Image Description: Three children are sitting at a table in the Queens Museum’s Unisphere Gallery. They are all masked, two are wearing yellow shirts and one is wearing a dark blue shirt. The children are focusing on making sculptures using produce that is presented on the table: mangos, asparagus, potatoes, etc. Artist Mo Kong is leaning over the table to show the summer camp students how to work with these items. Their hair is styled in two, long black braids. They are wearing brown glasses, an KN95 mask, and a green military coat with a small German flag on the left sleeve. Standing next to them is a summer camp volunteer educator wearing a black mask and a yellow shirt.

Question 1: Was there a relationship you built during YoU that impacted your work in a meaningful way?

The experience of working with the La Jornada and Queens Museum Cultural Food Pantry and the New New Yorkers program integrates my practice with the community and pushes me to understand the relationship between artists, immigrants, and institutions from a more realistic perspective. My project analyzes the dilemma of survival within immigrant  communities in the contemporary political and economic environment from the perspective of food preservation. The cooperation with the Cultural Food Pantry, however, has made me aware of the cultural gap between immigrants. I enjoyed this collaboration very much, and the programs developed around the work also gave the work itself a deeper social meaning.

Question 2: Which theme was most relevant to your work throughout YoU?

The Future. Personal Ark is a reasonable inference about the living conditions of Asian immigrants in the future, referring to the current situation of the environment and economy, and also correcting the injustice of history.

In an orange hue room, angular structures form a downwards trend graph. A hanging lamp made of stacked glass vases wrapped in seaweed hangs from the top of the image.
Caption: Installation view documenting stages of development from October to December 2021, Mo Kong: Personal Ark, Queens Museum. Photo credit: Hai Zhang.
Image Description: In an orange hue room, angular structures form a downwards trend graph. A hanging lamp made of stacked glass vases wrapped in seaweed hangs from the top of the image.

Question 3: How has your work embraced uncertainty?

The uncertainty in my work is reflected in the imprecision of future predictions. The use of pseudoscientific instruments such as distillation systems and beakers and organic matter like freeze-dried fruit, live snails, and dried leaves in the work adds uncertainty and uncontrollability to the sturdy structures containing them.

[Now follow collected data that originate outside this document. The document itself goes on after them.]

(* Let $n\geq7$ and let $\mathcal R(P_{n-5})=u_1,\ldots,u_p$. If $u_iu_k>_{\mathcal R}u_ju_l$ in $F(J(P_{n-5})^2)$ for some indices $i,j,k,l$, then $x_nx_{n-1}x_{n-2}^2x_{n-4}^2u_iu_k>_{\mathcal R}x_nx_{n-1}x_{n-2}^2x_{n-4}^2u_ju_l$ in $F(J(P_n)^2)$.
   Context: For $m\geq 1$, $P_m$ is the path graph on vertices $x_1,\ldots,x_m$ with edges $\{x_i,x_{i+1}\}$; $J(P_m)$ is its cover ideal (generated by $\prod_{x\in C}x$, $C$ a minimal vertex cover); $G(I)$ denotes minimal monomial generators and $F(I^2)=\{ab:a,b\in G(I)\}$. The rooted list $\mathcal R(P_m)$: $\mathcal R(P_1)$ empty; $\mathcal R(P_2)=x_1,x_2$; $\mathcal R(P_3)=x_2,x_1x_3$; $\mathcal R(P_4)=x_1x_3,x_2x_3,x_2x_4$; for $m\geq5$, if $\mathcal R(P_{m-2})=u_1,\ldots,u_r$ and $\mathcal R(P_{m-3})=v_1,\ldots,v_s$, then $\mathcal R(P_m)=x_{m-1}u_1,\ldots,x_{m-1}u_r,x_mx_{m-2}v_1,\ldots,x_mx_{m-2}v_s$; it lists each element of $G(J(P_m))$ once. With $\mathcal R(P_m)=u_1,\ldots,u_q$, each $M\in F(J(P_m)^2)$ is $u_1^{a_1}\cdots u_q^{a_q}$ with $a_i\geq0$, $\sum a_i=2$; its maximal expression is the one with lexicographically largest exponent vector, and $M>_{\mathcal R}N$ on $F(J(P_m)^2)$ iff the maximal-expression exponent vector of $M$ is lexicographically larger than that of $N$. *)

theory Defs
  imports "HOL-Library.Multiset" "HOL-Library.List_Lexorder"
begin

text \<open>Monomials in the variables x_1, x_2, ... are represented as multisets of
variable indices: the monomial x_1^{e_1} x_2^{e_2} ... is the multiset in which
i occurs e_i times. Multiplication of monomials is multiset sum.\<close>

type_synonym monomial = "nat multiset"

definition path_vertex_cover :: "nat \<Rightarrow> nat set \<Rightarrow> bool" where
  "path_vertex_cover m C \<longleftrightarrow> C \<subseteq> {1..m} \<and> (\<forall>i. 1 \<le> i \<and> i < m \<longrightarrow> i \<in> C \<or> Suc i \<in> C)"

definition path_min_vertex_cover :: "nat \<Rightarrow> nat set \<Rightarrow> bool" where
  "path_min_vertex_cover m C \<longleftrightarrow> path_vertex_cover m C \<and> (\<forall>D. D \<subset> C \<longrightarrow> \<not> path_vertex_cover m D)"

text \<open>G(J(P_m)): minimal monomial generators of the cover ideal.\<close>
definition GJ :: "nat \<Rightarrow> monomial set" where
  "GJ m = {mset_set C | C. path_min_vertex_cover m C}"

definition FJ2 :: "nat \<Rightarrow> monomial set" where
  "FJ2 m = {a + b | a b. a \<in> GJ m \<and> b \<in> GJ m}"

fun rooted :: "nat \<Rightarrow> monomial list" where
  "rooted 0 = []"
| "rooted (Suc 0) = []"
| "rooted (Suc (Suc 0)) = [{#1#}, {#2#}]"
| "rooted (Suc (Suc (Suc 0))) = [{#2#}, {#1, 3#}]"
| "rooted (Suc (Suc (Suc (Suc 0)))) = [{#1, 3#}, {#2, 3#}, {#2, 4#}]"
| "rooted (Suc (Suc (Suc (Suc (Suc k))))) =
     map (\<lambda>u. add_mset (k + 4) u) (rooted (k + 3)) @
     map (\<lambda>v. {#k + 5, k + 3#} + v) (rooted (k + 2))"

definition expr_mono :: "monomial list \<Rightarrow> nat list \<Rightarrow> monomial" where
  "expr_mono us a = sum_list (map2 (\<lambda>e u. repeat_mset e u) a us)"

definition expressions :: "monomial list \<Rightarrow> monomial \<Rightarrow> nat list set" where
  "expressions us M = {a. length a = length us \<and> sum_list a = 2 \<and> expr_mono us a = M}"

text \<open>Maximal expression: lexicographically largest exponent vector
 (lists of equal length; the order from List_Lexorder is lexicographic).\<close>
definition max_expr :: "monomial list \<Rightarrow> monomial \<Rightarrow> nat list" where
  "max_expr us M = Max (expressions us M)"

definition R_greater :: "nat \<Rightarrow> monomial \<Rightarrow> monomial \<Rightarrow> bool" where
  "R_greater m M N \<longleftrightarrow> max_expr (rooted m) N < max_expr (rooted m) M"

end

theory Submission
  imports Defs "HOL-Library.Product_Lexorder"
begin

text \<open>
  The maximal expression of a product u_a u_b is the exponent vector of the lexicographically
  least sorted index pair (a, b) representing it, so >_R compares these least pairs in reverse
  order. Unfolding the recursion of the rooted list twice, R(P_{m+7}) consists of a block A, the
  block x_{m+6} x_{m+5} x_{m+3} R(P_{m+2}), the block x_{m+7} x_{m+5} x_{m+3} R(P_{m+2}) and a
  block D, where every entry of A and D contains x_{m+4}. The multiplier
  w = x_{m+7} x_{m+6} x_{m+5}^2 x_{m+3}^2 contains no x_{m+4} and exactly one x_{m+6} and one
  x_{m+7}, so every expression of w N with N in x_1, ..., x_{m+2} takes its first factor from the
  first middle block and its second from the second. The index pairs of w N are therefore those
  of N (in either order) under an order embedding, and the least pairs are compared in the same
  way.
\<close>

definition pair_exps :: "nat \<Rightarrow> nat \<times> nat \<Rightarrow> nat list" where
  "pair_exps q ab = map (\<lambda>t. of_bool (t = fst ab) + of_bool (t = snd ab)) [0..<q]"

definition index_pairs :: "monomial list \<Rightarrow> monomial \<Rightarrow> (nat \<times> nat) set" where
  "index_pairs us M = {(a, b). a \<le> b \<and> b < length us \<and> us ! a + us ! b = M}"

lemma length_pair_exps [simp]: "length (pair_exps q ab) = q"
  by (simp add: pair_exps_def)

lemma nth_pair_exps [simp]:
  "t < q \<Longrightarrow> pair_exps q (a, b) ! t = of_bool (t = a) + of_bool (t = b)"
  by (simp add: pair_exps_def)

lemma pair_exps_Cons_0: "0 # pair_exps q (a, b) = pair_exps (Suc q) (Suc a, Suc b)"
  by (rule nth_equalityI) (auto simp: nth_Cons split: nat.split)

lemma pair_exps_eqI:
  assumes "\<forall>t<length v. v ! t = of_bool (t = a) + of_bool (t = b)"
  shows "v = pair_exps (length v) (a, b)"
  using assms by (intro nth_equalityI) auto

lemma sum_list_pair_exps:
  assumes "a < q" "b < q"
  shows "sum_list (pair_exps q (a, b)) = 2"
proof -
  have "sum_list (pair_exps q (a, b)) = (\<Sum>t<q. of_bool (t = a) + of_bool (t = b))"
    by (simp add: pair_exps_def sum_list_sum_nth lessThan_atLeast0)
  also have "\<dots> = 2"
    using assms by (simp add: sum.distrib)
  finally show ?thesis .
qed

lemma expr_mono_pair_exps:
  assumes "a < length us" "b < length us"
  shows "expr_mono us (pair_exps (length us) (a, b)) = us ! a + us ! b"
proof -
  have "expr_mono us (pair_exps (length us) (a, b))
      = (\<Sum>t<length us. repeat_mset (of_bool (t = a) + of_bool (t = b)) (us ! t))"
    by (simp add: expr_mono_def sum_list_sum_nth lessThan_atLeast0)
  also have "\<dots> = (\<Sum>t<length us. if t = a then us ! t else {#})
                  + (\<Sum>t<length us. if t = b then us ! t else {#})"
    by (subst sum.distrib[symmetric], rule sum.cong) auto
  also have "\<dots> = us ! a + us ! b"
    using assms by simp
  finally show ?thesis .
qed

lemma sum_list_eq_1_unit:
  fixes v :: "nat list"
  assumes "sum_list v = 1"
  shows "\<exists>a<length v. \<forall>t<length v. v ! t = of_bool (t = a)"
  using assms
proof (induction v)
  case (Cons x v)
  show ?case
  proof (cases x)
    case 0
    with Cons obtain a where "a < length v" "\<forall>t<length v. v ! t = of_bool (t = a)"
      by auto
    with 0 show ?thesis
      by (intro exI[of _ "Suc a"]) (auto simp: nth_Cons split: nat.split)
  next
    case (Suc y)
    with Cons.prems have "x = 1" "sum_list v = 0" by auto
    then show ?thesis
      by (intro exI[of _ 0]) (auto simp: nth_Cons split: nat.split)
  qed
qed simp

lemma sum_list_eq_2_pair_exps:
  fixes v :: "nat list"
  assumes "sum_list v = 2"
  shows "\<exists>a b. a \<le> b \<and> b < length v \<and> v = pair_exps (length v) (a, b)"
  using assms
proof (induction v)
  case (Cons x v)
  consider "x = 0" "sum_list v = 2" | "x = 1" "sum_list v = 1" | "x = 2" "sum_list v = 0"
    using Cons.prems by fastforce
  then show ?case
  proof cases
    case 1
    with Cons.IH obtain a b where "a \<le> b" "b < length v" "v = pair_exps (length v) (a, b)"
      by blast
    with 1 have "x # v = pair_exps (length (x # v)) (Suc a, Suc b)"
      using pair_exps_Cons_0 by (metis length_Cons)
    with \<open>a \<le> b\<close> \<open>b < length v\<close> show ?thesis
      by (metis Suc_le_mono Suc_less_eq length_Cons)
  next
    case 2
    then obtain b where "b < length v" "\<forall>t<length v. v ! t = of_bool (t = b)"
      using sum_list_eq_1_unit by blast
    with 2 have "x # v = pair_exps (length (x # v)) (0, Suc b)"
      by (intro pair_exps_eqI) (auto simp: nth_Cons split: nat.split)
    with \<open>b < length v\<close> show ?thesis
      by (metis Suc_less_eq length_Cons zero_le)
  next
    case 3
    then have "x # v = pair_exps (length (x # v)) (0, 0)"
      by (intro pair_exps_eqI) (auto simp: nth_Cons split: nat.split)
    then show ?thesis
      by (metis length_Cons zero_less_Suc order_refl)
  qed
qed simp

lemma expressions_eq_pair_exps_image:
  "expressions us M = pair_exps (length us) ` index_pairs us M"
proof (intro equalityI subsetI)
  fix v assume v: "v \<in> expressions us M"
  then obtain a b where ab: "a \<le> b" "b < length us" and v_eq: "v = pair_exps (length us) (a, b)"
    using sum_list_eq_2_pair_exps unfolding expressions_def by force
  have "us ! a + us ! b = M"
    using v ab unfolding v_eq expressions_def by (simp add: expr_mono_pair_exps)
  with ab have "(a, b) \<in> index_pairs us M"
    by (simp add: index_pairs_def)
  then show "v \<in> pair_exps (length us) ` index_pairs us M"
    unfolding v_eq by blast
next
  fix v assume "v \<in> pair_exps (length us) ` index_pairs us M"
  then obtain a b where "a \<le> b" "b < length us" "us ! a + us ! b = M"
    and v_eq: "v = pair_exps (length us) (a, b)"
    by (auto simp: index_pairs_def)
  then show "v \<in> expressions us M"
    by (simp add: expressions_def expr_mono_pair_exps sum_list_pair_exps)
qed

lemma list_less_at_first_difference:
  fixes xs ys :: "'a::order list"
  assumes "length xs = length ys" "i < length xs" "take i xs = take i ys" "xs ! i < ys ! i"
  shows "xs < ys"
  using assms unfolding list_less_def lexord_take_index_conv by auto

lemma pair_exps_less:
  assumes "(c, d) < (a, b)" "a \<le> b" "c \<le> d" "b < q" "d < q"
  shows "pair_exps q (a, b) < pair_exps q (c, d)"
proof (cases "c < a")
  case True
  with assms show ?thesis
    by (intro list_less_at_first_difference[where i = c] nth_equalityI) auto
next
  case False
  with assms have "c = a" "d < b" by auto
  with assms show ?thesis
    by (intro list_less_at_first_difference[where i = d] nth_equalityI) auto
qed

lemma finite_index_pairs: "finite (index_pairs us M)"
  by (rule finite_subset[of _ "{..<length us} \<times> {..<length us}"])
    (auto simp: index_pairs_def)

lemma index_pairs_nth_add_nonempty:
  assumes "i < length us" "k < length us"
  shows "index_pairs us (us ! i + us ! k) \<noteq> {}"
proof -
  have "(min i k, max i k) \<in> index_pairs us (us ! i + us ! k)"
    using assms by (auto simp: index_pairs_def min_def max_def add.commute)
  then show ?thesis by blast
qed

Corresponding to the unpredictable and ever-changing economic and political trends in real life, the work provides a space for reflection.

Question 4: What are two things you learned from YoU?

1. The ability to work with kids. 2.The process of working with fabricators and professionals.

Question 5: What does a “community museum” mean to you?

To provide children from immigrant families with the opportunity to learn about contemporary art and to allow them to see the possibility of becoming an artist

Question 6: Did YoU change the way you exist within museums?

My exhibition, Personal Ark, challenged the Museum’s traditionally odorless white-walled space by inviting less desirable scents – from a Western perspective – to take over the space, forcing visitors to react to the work before they saw it. Exhibiting living organisms that needed daily care also posed a challenge to the maintenance of the Museum. YoU created a platform for me to really bring my work to new communities, especially groups that I initially thought were not my audience. The resulting conversation between the work itself and the communities interacting with it were unexpected. This definitely pushed me to think more about how to bring contemporary art to the local community – especially immigrant groups – and what this means to them and their kids.

Question 7: What do you think is the most important question or issue about the role of museums that arose during YoU?

Can non-traditional exhibition methods be accepted by the art world?